1, to join the CDN Service website, need domain name (such as www.linuxaid.com.cn, address 202.99.11.120) resolution right to provide to the CDN operator, Linuxaid Domain name resolution record as long as the WWW host's a record to the CNAME and point to cache.cdn.com can be. Cache.cdn.com is the identity of the CDN network custom cache server. In the/var/named/linuxaid.com.cn domain name resolution record, by:

www             in      A       202.99.11.120
Switch
www in CNAME cache.cdn.com.

2, after the CDN operator obtains the domain name resolution right, obtains the domain name CNAME record, points to the CDN network under the cache server domain name, such as the global load-balancing DNS of the CACHE.CDN.COM,CDN network, the CNAME record needs to be resolved according to the policy IP address, usually gives the cache address of the nearest access.

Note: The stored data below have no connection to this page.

theorem theorem3:
  fixes nrm :: "real^'d \<Rightarrow> real"
    and Q :: "real^'d \<Rightarrow> real^'d"
    and M U1 :: "int^'d^'d"
    and G :: "nat \<Rightarrow> int^'d^'d"
    and L :: nat
    and m :: "int^'d"
    and r n rt :: "nat \<Rightarrow> int^'d"
  assumes norm: "is_norm nrm"
    and QM: "is_closest_map nrm M Q"
    and L2: "L \<ge> 2"
    and Mns: "nonsingular M"
    and Gns: "\<forall>i\<in>{1..L}. nonsingular (G i)"
    and Gcomm: "\<forall>i\<in>{1..L}. \<forall>j\<in>{1..L}. i \<noteq> j \<longrightarrow> G i ** G j = G j ** G i"
    and Gcop: "\<forall>i\<in>{1..L}. \<forall>j\<in>{1..L}. i \<noteq> j \<longrightarrow> coprime_mat (G i) (G j)"
    and U1: "unimodular U1"
    and mA: "m \<in> A1set M G L U1"
    and rdef: "\<forall>i\<in>{1..L}. r i = remd m (M ** G i)"
    and ndef: "\<forall>i\<in>{1..L}. m = (M ** G i) *v n i + r i"
  shows "((\<forall>i\<in>{1..L}. alg1 Q M G L U1 rt i = rvec (n i)) \<longleftrightarrow>
            (\<forall>i\<in>{2..L}. Q (rvec ((rt i - r i) - (rt 1 - r 1))) = 0))
       \<and> ((\<forall>i\<in>{2..L}. nrm (rvec ((rt i - r i) - (rt 1 - r 1))) < lat_min nrm M / 2) \<longrightarrow>
            (\<forall>i\<in>{2..L}. Q (rvec ((rt i - r i) - (rt 1 - r 1))) = 0))
       \<and> (\<forall>\<tau>::real. (\<forall>i\<in>{1..L}. nrm (rvec (rt i - r i)) \<le> \<tau>) \<and> \<tau> < lat_min nrm M / 4 \<longrightarrow>
            (\<forall>i\<in>{2..L}. Q (rvec ((rt i - r i) - (rt 1 - r 1))) = 0))
       \<and> (\<forall>\<tau>::real. (\<forall>i\<in>{1..L}. alg1 Q M G L U1 rt i = rvec (n i)) \<and>
            (\<forall>i\<in>{1..L}. nrm (rvec (rt i - r i)) \<le> \<tau>) \<longrightarrow>
            nrm ((1 / real L) *\<^sub>R (\<Sum>i\<in>{1..L}. rmat (M ** G i) *v alg1 Q M G L U1 rt i + rvec (rt i))
                 - rvec m) \<le> \<tau>)"
proof -
  have dM: "det M \<noteq> 0" using Mns by (simp add: nonsingular_def)
  have dG: "\<forall>i\<in>{1..L}. det (G i) \<noteq> 0" using Gns by (simp add: nonsingular_def)
  have L1: "1 \<in> {1..L}" using L2 by simp
  have "n 1 \<in> NN (mprod G 2 L ** U1)"
    using A1set_folding_vector_mem_NN[OF mA _ rdef[rule_format, OF L1] ndef[rule_format, OF L1]]
      dM dG L1 by (simp add: det_mul)
  then have correct_iff: "(\<forall>i\<in>{1..L}. alg1 Q M G L U1 rt i = rvec (n i)) \<longleftrightarrow>
      (\<forall>i\<in>{2..L}. Q (rvec ((rt i - r i) - (rt 1 - r 1))) = 0)"
    by (rule alg1_correct_iff[OF QM dM L2 dG Gcomm Gcop U1 _ ndef])
  let ?w = "\<lambda>i. rvec ((rt i - r i) - (rt 1 - r 1))" and ?e = "\<lambda>i. rvec (rt i - r i)"
  show ?thesis
  proof (rule conjI[OF correct_iff], intro conjI allI impI ballI)
    fix i assume "\<forall>i\<in>{2..L}. nrm (?w i) < lat_min nrm M / 2" and "i \<in> {2..L}"
    then show "Q (?w i) = 0" by (simp add: closest_map_eq_0_if_short[OF norm QM])
  next
    fix \<tau> i assume "(\<forall>i\<in>{1..L}. nrm (?e i) \<le> \<tau>) \<and> \<tau> < lat_min nrm M / 4" and "i \<in> {2..L}"
    then show "Q (?w i) = 0"
      using L1 by (intro closest_map_eq_0_if_errors_le[OF norm QM, where \<tau> = \<tau>]) auto
  next
    fix \<tau>
    assume "(\<forall>i\<in>{1..L}. alg1 Q M G L U1 rt i = rvec (n i)) \<and> (\<forall>i\<in>{1..L}. nrm (?e i) \<le> \<tau>)"
    then show "nrm ((1 / real L) *\<^sub>R
        (\<Sum>i\<in>{1..L}. rmat (M ** G i) *v alg1 Q M G L U1 rt i + rvec (rt i)) - rvec m) \<le> \<tau>"
      using L2 by (intro averaged_estimate_error_le[OF norm _ ndef]) auto
  qed
qed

Bind 9 Basic functions can be based on different source IP address segment resolution of the corresponding IP, to achieve the local access to the load balancer, generally through the BIND 9 sortlist option to return the nearest node IP address according to the client IP address, the specific process is:

1) set multiple A records for cache.cdn.com, the contents of/var/named/cdn.com are as follows:

$TTL 3600
@ in SOA ns.cdn.com. Root.ns.cdn.com. (
2002090201 ; Serial num
10800 ; Refresh after 3 hours
3600 ; Retry
604800 ; Expire
1800 ; Time to Live
)
In NS NS
www in A 210.33.21.168
NS in A 202.96.128.68
Cache in A 202.93.22.13 ; How many cache addresses are there?
Cache in a 210.21.30.90 ; how many cache A records are there?
Cache in A 211.99.13.47

2) The contents of the/etc/named.conf are:

Options {
Directory "/var/named";
sortlist {
#这一段表示当在本地执行查询时
#将按照202.93.22.13,210.21.30.90,211.99.13.47 Order return address
{localhost;
{localnets;
202.93.22.13;
{210.21.30.90; 211.99.13.47;};
};
};
#这一段表示当在202/8 address segment for DNS queries
#将按照202.93.22.13,210.21.30.90,211.99.13.47 Order return address
{202/8;
{202.93.22.13;
{210.21.30.90; 211.99.13.47;};
};
};
#这一段表示当在211/8 address segment for DNS queries
#将按照211.99.13.47,202.93.22.13,210.21.30.90 Order return address,
#也就是211.99.13.47 is the node closest to the query location
{211/8;
{211.99.13.47;
{202.93.22.13; 210.21.30.90;};
};
};
{61/8;
{202.93.22.13;
{210.21.30.90; 211.99.13.47;};
};
};
};
};
Zone "." {
Type hint;
File "Root.cache";
};
Zone "localhost" {
Type master;
File "localhost";
};
Zone "Cdn.com" {
Type master;
File "cdn.com";
};

3, cache in the CDN network if working in the server acceleration mode, because the configuration has already stated the URL of the accelerator server, so the cache directly matches the user request, to the source server to obtain the content and cache for the next use, if the cache is working in the client acceleration mode, The cache needs to know the IP address of the source server, so the CDN Network maintains and runs a DNS server for use by the cache, resolves the real IP address of the domain name, such as 202.99.11.120, and resolves records for each domain name as it did before joining the CDN network.

4, working in the CDN Network cache server must work in a transparent way, for squid, you need to set the following parameters:

Httpd_accel_host Virtual
Httpd_accel_port 80
Httpd_accel_with_proxy on
Httpd_accel_uses_host_header on

CDN (Content distribution network) technology principles

Contact Us

The content source of this page is from Internet, which doesn't represent Alibaba Cloud's opinion; products and services mentioned on that page don't have any relationship with Alibaba Cloud. If the content of the page makes you feel confusing, please write us an email, we will handle the problem within 5 days after receiving your email.

If you find any instances of plagiarism from the community, please send an email to: info-contact@alibabacloud.com and provide relevant evidence. A staff member will contact you within 5 working days.

A Free Trial That Lets You Build Big!

Start building with 50+ products and up to 12 months usage for Elastic Compute Service

  • Sales Support

    1 on 1 presale consultation

  • After-Sales Support

    24/7 Technical Support 6 Free Tickets per Quarter Faster Response

  • Alibaba Cloud offers highly flexible support services tailored to meet your exact needs.